**About this task:**
Whenever a line in the listing below holds the string "with", include it in the count. Say how many such lines there are and nothing more.

**Data:**
(* A $\mathsf V$-functor $m:M\to X$ is L-dense if, and only if, for all $\mathsf V$-functors $f,g:X\to Y$ with $f\cdot m=g\cdot m$ one has $f\cong g$.
   Context: Let $\mathsf V=(\mathsf V,\otimes,k)$ be a commutative unital quantale (complete lattice with commutative associative $\otimes$ having neutral element $k$, with $u\otimes(-)$ preserving suprema). A $\mathsf V$-category $(X,a)$ is a set with $a:X\times X\to\mathsf V$ such that $k\le a(x,x)$ and $a(x,y)\otimes a(y,z)\le a(x,z)$; a $\mathsf V$-functor $f:(X,a)\to(Y,b)$ satisfies $a(x,y)\le b(f(x),f(y))$. For $\mathsf V$-functors $f,g:X\to(Y,b)$, $f\cong g$ means $k\le b(f(x),g(x))$ and $k\le b(g(x),f(x))$ for all $x\in X$. A $\mathsf V$-functor $m:(M,c)\to(X,a)$ is L-dense if $a(x,x')=\bigvee_{z\in M}a(x,m(z))\otimes a(m(z),x')$ for all $x,x'\in X$. *)

theory Defs
  imports Main
begin

definition quantale :: "('v::complete_lattice \<Rightarrow> 'v \<Rightarrow> 'v) \<Rightarrow> 'v \<Rightarrow> bool" where
  "quantale t k \<longleftrightarrow>
     (\<forall>u v w. t (t u v) w = t u (t v w)) \<and>
     (\<forall>u v. t u v = t v u) \<and>
     (\<forall>u. t k u = u) \<and>
     (\<forall>u S. t u (Sup S) = Sup (t u ` S))"

definition vcat :: "('v::complete_lattice \<Rightarrow> 'v \<Rightarrow> 'v) \<Rightarrow> 'v \<Rightarrow> 'x set \<Rightarrow> ('x \<Rightarrow> 'x \<Rightarrow> 'v) \<Rightarrow> bool" where
  "vcat t k X a \<longleftrightarrow>
     (\<forall>x\<in>X. k \<le> a x x) \<and>
     (\<forall>x\<in>X. \<forall>y\<in>X. \<forall>z\<in>X. t (a x y) (a y z) \<le> a x z)"

definition vfun :: "'x set \<Rightarrow> ('x \<Rightarrow> 'x \<Rightarrow> 'v::complete_lattice) \<Rightarrow> 'y set \<Rightarrow> ('y \<Rightarrow> 'y \<Rightarrow> 'v) \<Rightarrow> ('x \<Rightarrow> 'y) \<Rightarrow> bool" where
  "vfun X a Y b f \<longleftrightarrow> f ` X \<subseteq> Y \<and> (\<forall>x\<in>X. \<forall>y\<in>X. a x y \<le> b (f x) (f y))"

definition viso :: "'v::complete_lattice \<Rightarrow> 'x set \<Rightarrow> ('y \<Rightarrow> 'y \<Rightarrow> 'v) \<Rightarrow> ('x \<Rightarrow> 'y) \<Rightarrow> ('x \<Rightarrow> 'y) \<Rightarrow> bool" where
  "viso k X b f g \<longleftrightarrow> (\<forall>x\<in>X. k \<le> b (f x) (g x) \<and> k \<le> b (g x) (f x))"

definition Ldense :: "('v::complete_lattice \<Rightarrow> 'v \<Rightarrow> 'v) \<Rightarrow> 'm set \<Rightarrow> 'x set \<Rightarrow> ('x \<Rightarrow> 'x \<Rightarrow> 'v) \<Rightarrow> ('m \<Rightarrow> 'x) \<Rightarrow> bool" where
  "Ldense t M X a m \<longleftrightarrow> (\<forall>x\<in>X. \<forall>x'\<in>X. a x x' = (SUP z\<in>M. t (a x (m z)) (a (m z) x')))"

end

theory Submission
  imports Defs
begin

text \<open>Necessity: for x in X the unit k \<le> a x x spreads, by density, over all paths through the
image of m, on which f and g agree; transitivity of b then bounds each path by b (f x) (g x).
Sufficiency: test the condition on the V-category V itself (hom given by the residuum) with the
representable functor a x and the functor y \<mapsto> \<Squnion>z. a x (m z) \<otimes> a (m z) y. They agree on the
image of m, so they are isomorphic, which is exactly the missing inequality of L-density.\<close>

lemma quantale_mult_mono_right:
  assumes "quantale t k" and "v \<le> w"
  shows "t u v \<le> t u w"
proof -
  have "t u (Sup {v, w}) = Sup (t u ` {v, w})"
    using \<open>quantale t k\<close> unfolding quantale_def by blast
  then have "t u w = sup (t u v) (t u w)"
    using \<open>v \<le> w\<close> by (simp add: sup_absorb2)
  then show ?thesis
    by (metis sup.cobounded1)
qed

lemma quantale_mult_mono:
  assumes q: "quantale t k" and "u \<le> u'" and "v \<le> v'"
  shows "t u v \<le> t u' v'"
proof -
  have comm: "\<And>x y. t x y = t y x"
    using q unfolding quantale_def by blast
  have "t u v \<le> t u v'"
    using quantale_mult_mono_right[OF q \<open>v \<le> v'\<close>] .
  also have "\<dots> \<le> t u' v'"
    using quantale_mult_mono_right[OF q \<open>u \<le> u'\<close>] by (simp add: comm[of _ v'])
  finally show ?thesis .
qed

lemma quantale_mult_SUP:
  assumes "quantale t k"
  shows "t u (SUP i\<in>I. f i) = (SUP i\<in>I. t u (f i))"
  using assms unfolding quantale_def by (simp add: image_image)

lemma quantale_mult_unit_right:
  assumes "quantale t k"
  shows "t u k = u"
  using assms unfolding quantale_def by metis

definition residuum :: "('v::complete_lattice \<Rightarrow> 'v \<Rightarrow> 'v) \<Rightarrow> 'v \<Rightarrow> 'v \<Rightarrow> 'v" where
  "residuum t u v = Sup {w. t u w \<le> v}"

lemma residuum_adjoint:
  assumes "quantale t k"
  shows "w \<le> residuum t u v \<longleftrightarrow> t u w \<le> v"
proof
  assume "w \<le> residuum t u v"
  then have "t u w \<le> t u (Sup {w. t u w \<le> v})"
    using quantale_mult_mono_right[OF assms] unfolding residuum_def by blast
  also have "\<dots> = Sup (t u ` {w. t u w \<le> v})"
    using assms unfolding quantale_def by blast
  also have "\<dots> \<le> v"
    by (auto intro: Sup_least)
  finally show "t u w \<le> v" .
next
  assume "t u w \<le> v"
  then show "w \<le> residuum t u v"
    unfolding residuum_def by (auto intro: Sup_upper)
qed

lemma unit_le_residuum_iff:
  assumes "quantale t k"
  shows "k \<le> residuum t u v \<longleftrightarrow> u \<le> v"
  using residuum_adjoint[OF assms] quantale_mult_unit_right[OF assms] by simp

lemma vcat_residuum:
  assumes q: "quantale t k"
  shows "vcat t k UNIV (residuum t)"
  unfolding vcat_def
proof (intro conjI ballI)
  fix u :: 'a
  show "k \<le> residuum t u u"
    using unit_le_residuum_iff[OF q] by simp
next
  fix u v w :: 'a
  have assoc: "t (t x y) z = t x (t y z)" for x y z
    using q unfolding quantale_def by blast
  have "t u (t (residuum t u v) (residuum t v w)) = t (t u (residuum t u v)) (residuum t v w)"
    by (simp add: assoc)
  also have "\<dots> \<le> t v (residuum t v w)"
    using quantale_mult_mono[OF q _ order_refl] residuum_adjoint[OF q] by blast
  also have "\<dots> \<le> w"
    using residuum_adjoint[OF q] by blast
  finally show "t (residuum t u v) (residuum t v w) \<le> residuum t u w"
    using residuum_adjoint[OF q] by blast
qed

lemma vfun_representable:
  assumes "quantale t k" and "vcat t k X a" and "x \<in> X"
  shows "vfun X a UNIV (residuum t) (a x)"
  using assms unfolding vfun_def vcat_def by (simp add: residuum_adjoint)

lemma Ldense_agree_imp_unit_le:
  assumes q: "quantale t k" and X: "vcat t k X a" and m: "vfun M c X a m"
    and dense: "Ldense t M X a m" and Y: "vcat t k Y b"
    and f: "vfun X a Y b f" and g: "vfun X a Y b g" and agree: "\<forall>z\<in>M. f (m z) = g (m z)"
    and "x \<in> X"
  shows "k \<le> b (f x) (g x)"
proof -
  have "k \<le> a x x"
    using X \<open>x \<in> X\<close> unfolding vcat_def by blast
  also have "\<dots> = (SUP z\<in>M. t (a x (m z)) (a (m z) x))"
    using dense \<open>x \<in> X\<close> unfolding Ldense_def by blast
  also have "\<dots> \<le> b (f x) (g x)"
  proof (rule SUP_least)
    fix z assume "z \<in> M"
    then have mz: "m z \<in> X"
      using m unfolding vfun_def by blast
    have "a x (m z) \<le> b (f x) (g (m z))"
      using f agree \<open>z \<in> M\<close> mz \<open>x \<in> X\<close> unfolding vfun_def by metis
    moreover have "a (m z) x \<le> b (g (m z)) (g x)"
      using g mz \<open>x \<in> X\<close> unfolding vfun_def by blast
    ultimately have "t (a x (m z)) (a (m z) x) \<le> t (b (f x) (g (m z))) (b (g (m z)) (g x))"
      by (rule quantale_mult_mono[OF q])
    also have "\<dots> \<le> b (f x) (g x)"
    proof -
      have "f x \<in> Y" and "g (m z) \<in> Y" and "g x \<in> Y"
        using f g mz \<open>x \<in> X\<close> unfolding vfun_def by auto
      then show ?thesis
        using Y unfolding vcat_def by blast
    qed
    finally show "t (a x (m z)) (a (m z) x) \<le> b (f x) (g x)" .
  qed
  finally show ?thesis .
qed

lemma Ldense_agree_imp_viso:
  assumes "quantale t k" and "vcat t k X a" and "vfun M c X a m" and "Ldense t M X a m"
    and "vcat t k Y b" and "vfun X a Y b f" and "vfun X a Y b g"
    and "\<forall>z\<in>M. f (m z) = g (m z)"
  shows "viso k X b f g"
  using Ldense_agree_imp_unit_le[OF assms(1-7)] Ldense_agree_imp_unit_le[OF assms(1-5,7,6)] assms(8)
  unfolding viso_def by simp

definition dense_part ::
    "('v::complete_lattice \<Rightarrow> 'v \<Rightarrow> 'v) \<Rightarrow> 'm set \<Rightarrow> ('x \<Rightarrow> 'x \<Rightarrow> 'v) \<Rightarrow> ('m \<Rightarrow> 'x) \<Rightarrow> 'x \<Rightarrow> 'x \<Rightarrow> 'v" where
  "dense_part t M a m x y = (SUP z\<in>M. t (a x (m z)) (a (m z) y))"

lemma dense_part_le:
  assumes "vcat t k X a" and "vfun M c X a m" and "x \<in> X" and "y \<in> X"
  shows "dense_part t M a m x y \<le> a x y"
  unfolding dense_part_def
proof (rule SUP_least)
  fix z assume "z \<in> M"
  then have "m z \<in> X"
    using \<open>vfun M c X a m\<close> unfolding vfun_def by blast
  then show "t (a x (m z)) (a (m z) y) \<le> a x y"
    using \<open>vcat t k X a\<close> \<open>x \<in> X\<close> \<open>y \<in> X\<close> unfolding vcat_def by blast
qed

lemma dense_part_image:
  assumes q: "quantale t k" and X: "vcat t k X a" and m: "vfun M c X a m"
    and "x \<in> X" and "z \<in> M"
  shows "dense_part t M a m x (m z) = a x (m z)"
proof (rule order.antisym)
  have mz: "m z \<in> X"
    using m \<open>z \<in> M\<close> unfolding vfun_def by blast
  then show "dense_part t M a m x (m z) \<le> a x (m z)"
    by (rule dense_part_le[OF X m \<open>x \<in> X\<close>])
  have "a x (m z) = t (a x (m z)) k"
    using quantale_mult_unit_right[OF q] by simp
  also have "\<dots> \<le> t (a x (m z)) (a (m z) (m z))"
    using X mz unfolding vcat_def by (simp add: quantale_mult_mono_right[OF q])
  also have "\<dots> \<le> dense_part t M a m x (m z)"
    unfolding dense_part_def using \<open>z \<in> M\<close> by (rule SUP_upper2) simp
  finally show "a x (m z) \<le> dense_part t M a m x (m z)" .
qed

lemma vfun_dense_part:
  assumes q: "quantale t k" and X: "vcat t k X a" and m: "vfun M c X a m" and "x \<in> X"
  shows "vfun X a UNIV (residuum t) (dense_part t M a m x)"
  unfolding vfun_def
proof (intro conjI ballI)
  fix y w assume "y \<in> X" and "w \<in> X"
  have comm: "t u v = t v u" and assoc: "t (t u v) s = t u (t v s)" for u v s
    using q unfolding quantale_def by blast+
  have "t (dense_part t M a m x y) (a y w) = (SUP z\<in>M. t (a x (m z)) (t (a (m z) y) (a y w)))"
    unfolding dense_part_def
    by (simp add: comm[of _ "a y w"] quantale_mult_SUP[OF q])
      (metis (no_types) comm assoc)
  also have "\<dots> \<le> dense_part t M a m x w"
    unfolding dense_part_def
  proof (rule SUP_mono)
    fix z assume "z \<in> M"
    then have "t (a (m z) y) (a y w) \<le> a (m z) w"
      using X m \<open>y \<in> X\<close> \<open>w \<in> X\<close> unfolding vcat_def vfun_def by blast
    then show "\<exists>z'\<in>M. t (a x (m z)) (t (a (m z) y) (a y w)) \<le> t (a x (m z')) (a (m z') w)"
      using \<open>z \<in> M\<close> quantale_mult_mono_right[OF q] by blast
  qed
  finally show "a y w \<le> residuum t (dense_part t M a m x y) (dense_part t M a m x w)"
    using residuum_adjoint[OF q] by blast
qed simp

lemma agree_imp_viso_imp_Ldense:
  fixes t :: "'v::complete_lattice \<Rightarrow> 'v \<Rightarrow> 'v"
  assumes q: "quantale t k" and X: "vcat t k X a" and m: "vfun M c X a m"
    and iso: "\<forall>(Y :: 'v set) b f g. vcat t k Y b \<longrightarrow> vfun X a Y b f \<longrightarrow> vfun X a Y b g \<longrightarrow>
               (\<forall>z\<in>M. f (m z) = g (m z)) \<longrightarrow> viso k X b f g"
  shows "Ldense t M X a m"
  unfolding Ldense_def
proof (intro ballI order.antisym)
  fix x y assume "x \<in> X" and "y \<in> X"
  have "\<forall>z\<in>M. a x (m z) = dense_part t M a m x (m z)"
    using dense_part_image[OF q X m \<open>x \<in> X\<close>] by simp
  then have "viso k X (residuum t) (a x) (dense_part t M a m x)"
    using iso vcat_residuum[OF q] vfun_representable[OF q X \<open>x \<in> X\<close>]
      vfun_dense_part[OF q X m \<open>x \<in> X\<close>] by blast
  then have "k \<le> residuum t (a x y) (dense_part t M a m x y)"
    using \<open>y \<in> X\<close> unfolding viso_def by blast
  then show "a x y \<le> (SUP z\<in>M. t (a x (m z)) (a (m z) y))"
    unfolding unit_le_residuum_iff[OF q] dense_part_def .
  show "(SUP z\<in>M. t (a x (m z)) (a (m z) y)) \<le> a x y"
    using dense_part_le[OF X m \<open>x \<in> X\<close> \<open>y \<in> X\<close>] unfolding dense_part_def .
qed

theorem mainTheorem5:
  fixes t :: "'v::complete_lattice \<Rightarrow> 'v \<Rightarrow> 'v" and k :: 'v
    and M :: "'m set" and c :: "'m \<Rightarrow> 'm \<Rightarrow> 'v"
    and X :: "'x set" and a :: "'x \<Rightarrow> 'x \<Rightarrow> 'v"
    and m :: "'m \<Rightarrow> 'x"
  assumes "quantale t k" and "vcat t k M c" and "vcat t k X a" and "vfun M c X a m"
  shows "(Ldense t M X a m \<longrightarrow>
            (\<forall>(Y :: 'y set) b f g. vcat t k Y b \<longrightarrow> vfun X a Y b f \<longrightarrow> vfun X a Y b g \<longrightarrow>
               (\<forall>z\<in>M. f (m z) = g (m z)) \<longrightarrow> viso k X b f g))
       \<and> ((\<forall>(Y :: 'v set) b f g. vcat t k Y b \<longrightarrow> vfun X a Y b f \<longrightarrow> vfun X a Y b g \<longrightarrow>
               (\<forall>z\<in>M. f (m z) = g (m z)) \<longrightarrow> viso k X b f g)
            \<longrightarrow> Ldense t M X a m)"
  using Ldense_agree_imp_viso[OF assms(1,3,4)] agree_imp_viso_imp_Ldense[OF assms(1,3,4)]
  by blast

end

**Response:**
3